Patent Description:
Refrigerated enclosures are used in commercial, institutional, and residential applications for storing and/or displaying refrigerated or frozen objects. Refrigerated enclosures may be maintained at temperatures above freezing (e.g., a refrigerator) or at temperatures below freezing (e.g., a freezer). Refrigerated enclosures have one or more thermally insulated doors or windows for viewing and accessing refrigerated or frozen objects within a temperature-controlled space. Doors for refrigerated enclosures include thermally insulated glass panel assemblies.

In some circumstances, features of refrigerated enclosure doors that provide improved insulation also reduce the viewable area of the door or affect the aesthetic appearance of the door. For example, opaque thermal sealing materials placed between panes of glass may block a portion of the viewing area of a door.

<CIT> relates to an insulating glazed element.

<CIT> shows a display case door assembly for a temperature-controlled storage device.

The invention features a refrigerated display case door that includes a hinge rail, a panel assembly, and a handle. The hinge rail includes a channel portion and a hinge receiving portion. The panel assembly includes two panes of glass bounding a sealed space between the panes, and includes a first edge disposed within the channel portion of the hinge rail. The handle is secured to a surface of the panel assembly proximate a second edge of the panel assembly opposite the first edge. The sealed space is closed by a peripheral seal disposed between the panes along a periphery of the panes. The peripheral seal includes a first material extending along a first portion of the periphery and a second material extending along a second, different portion of the periphery, where the second material is more transparent to visible light than the first material. The invention is thus defined in the independent claim <NUM>.

<FIG> illustrate an exemplary display case door assembly <NUM> installed in a refrigerated display case <NUM>. The refrigerated display case <NUM> may be a refrigerator, freezer, or other enclosure defining a temperature-controlled space.
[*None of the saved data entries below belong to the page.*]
definition orbit_cofactor :: "'a::idom \<Rightarrow> 'a \<Rightarrow> 'a \<Rightarrow> 'a \<Rightarrow> 'a \<Rightarrow> 'a \<Rightarrow> 'a \<Rightarrow> 'a \<Rightarrow> 'a" where
  "orbit_cofactor g n k A B w p e = 2 * k * A * B^3 * w^3 * p^5 * e
     + 2 * k * A * B^3 * w^3 * p^5 * e^3 + 2 * k * A^3 * B * w^3 * p^5 * e
     + 2 * k * A^3 * B * w^3 * p^5 * e^3 - k^2 * B^4 * w^2 * p^4
     + 2 * k^2 * B^4 * w^2 * p^4 * e^2 - k^2 * B^4 * w^2 * p^4 * e^4
     - k^2 * A^2 * B^2 * w^2 * p^4 + 2 * k^2 * A^2 * B^2 * w^2 * p^4 * e^2
     - k^2 * A^2 * B^2 * w^2 * p^4 * e^4 + k^2 * A^4 * w^2 * p^4 * e^2
     - 2 * n * A^2 * B^2 * w^3 * p^5 * e - 2 * n * A^4 * w^3 * p^5 * e
     + 2 * n * k * A * B^3 * w^2 * p^4 - 2 * n * k * A * B^3 * w^2 * p^4 * e^2
     + 2 * n * k * A^3 * B * w^2 * p^4 - n^2 * A^2 * B^2 * w^2 * p^4
     + n^2 * A^2 * B^2 * w^2 * p^4 * e^2 - n^2 * A^4 * w^2 * p^4
     - 2 * g * A * B^2 * w^3 * p^5 * e^3 - 4 * g * A^3 * w^3 * p^5 * e^3
     - 2 * g * k * B^3 * w^2 * p^4 * e^2 + 2 * g * k * B^3 * w^2 * p^4 * e^4
     + 6 * g * k * A^2 * B * w^2 * p^4 * e^4 - 2 * g * k^2 * A * B^2 * w * p^3 * e
     + 4 * g * k^2 * A * B^2 * w * p^3 * e^3 - 2 * g * k^2 * A * B^2 * w * p^3 * e^5
     - 2 * g * k^2 * A^3 * w * p^3 * e + 2 * g * k^2 * A^3 * w * p^3 * e^3
     - 4 * g * n * A * B^2 * w^2 * p^4 * e^2 - 6 * g * n * A^3 * w^2 * p^4 * e^2
     - 2 * g * n^2 * A * B^2 * w * p^3 * e + 2 * g * n^2 * A * B^2 * w * p^3 * e^3
     - 2 * g * n^2 * A^3 * w * p^3 * e + g^2 * B^2 * w^2 * p^4 * e^2
     - g^2 * B^2 * w^2 * p^4 * e^4 + g^2 * A^2 * w^2 * p^4 * e^2
     - 6 * g^2 * A^2 * w^2 * p^4 * e^4 - 6 * g^2 * k * A * B * w * p^3 * e^3
     + 6 * g^2 * k * A * B * w * p^3 * e^5 + g^2 * k^2 * B^2 * p^2
     - 3 * g^2 * k^2 * B^2 * p^2 * e^2 + 3 * g^2 * k^2 * B^2 * p^2 * e^4
     - g^2 * k^2 * B^2 * p^2 * e^6 + g^2 * k^2 * A^2 * p^2
     - 2 * g^2 * k^2 * A^2 * p^2 * e^2 + g^2 * k^2 * A^2 * p^2 * e^4
     + 2 * g^2 * n * B^2 * w * p^3 * e - 2 * g^2 * n * B^2 * w * p^3 * e^3
     + 2 * g^2 * n * A^2 * w * p^3 * e - 6 * g^2 * n * A^2 * w * p^3 * e^3
     + g^2 * n^2 * B^2 * p^2 - 2 * g^2 * n^2 * B^2 * p^2 * e^2
     + g^2 * n^2 * B^2 * p^2 * e^4 + g^2 * n^2 * A^2 * p^2
     - g^2 * n^2 * A^2 * p^2 * e^2 + 2 * g^3 * A * w * p^3 * e^3
     - 4 * g^3 * A * w * p^3 * e^5 + 2 * g^3 * k * B * p^2 * e^2
     - 4 * g^3 * k * B * p^2 * e^4 + 2 * g^3 * k * B * p^2 * e^6
     + 2 * g^3 * n * A * p^2 * e^2 - 2 * g^3 * n * A * p^2 * e^4 + g^4 * p^2 * e^4
     - g^4 * p^2 * e^6 - A^2 * B^2 * w^4 * p^6 * e^2 - A^4 * w^4 * p^6 * e^2"

lemma quadratic_resultant_factor_sq:
  fixes a b g k l m n :: "'a::idom"
  shows "quadratic_resultant (a^2 + b^2) (2*a*g) (g^2 - b^2) (b*k - a*l) (b*m - l*g - a*n) (b*k - g*n)
    = b^2 * resultant_cofactor a b g k l m n"
  unfolding quadratic_resultant_def resultant_cofactor_def by algebra

lemma resultant_cofactor_orbit:
  fixes g n k A B w p e :: "'a::idom"
  shows "resultant_cofactor (e*g + p*w*A) (p*w*B) g (e*k) (e*n) ((1 + e^2)*k) (n + p*e*w)
     = w^2 * orbit_cofactor g n k A B w p e"
  unfolding resultant_cofactor_def orbit_cofactor_def by algebra

definition trig_sum :: "nat \<Rightarrow> (nat \<Rightarrow> nat \<Rightarrow> real) \<Rightarrow> real \<Rightarrow> real" where
  "trig_sum n c x = (\<Sum>i<n. \<Sum>j<n. c i j * cos x ^ i * sin x ^ j)"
For example, refrigerated display case <NUM> may be a refrigerated display case or refrigerated merchandiser in grocery stores, supermarkets, convenience stores, florist shops, and/or other commercial settings to store and display temperature-sensitive consumer goods (e.g., food products and the like). Refrigerated display case <NUM> can be used to display products that must be stored at relatively low temperatures and can include shelves, glass doors, and/or glass walls to permit viewing of the products supported by the shelves. In some implementations, refrigerated display case <NUM> is a refrigerated display unit used, for example, in warehouses, restaurants, and lounges. For example, refrigerated display case <NUM> can be a free standing unit or "built in" unit that forms a part of the building in which the refrigerated display case <NUM> is located.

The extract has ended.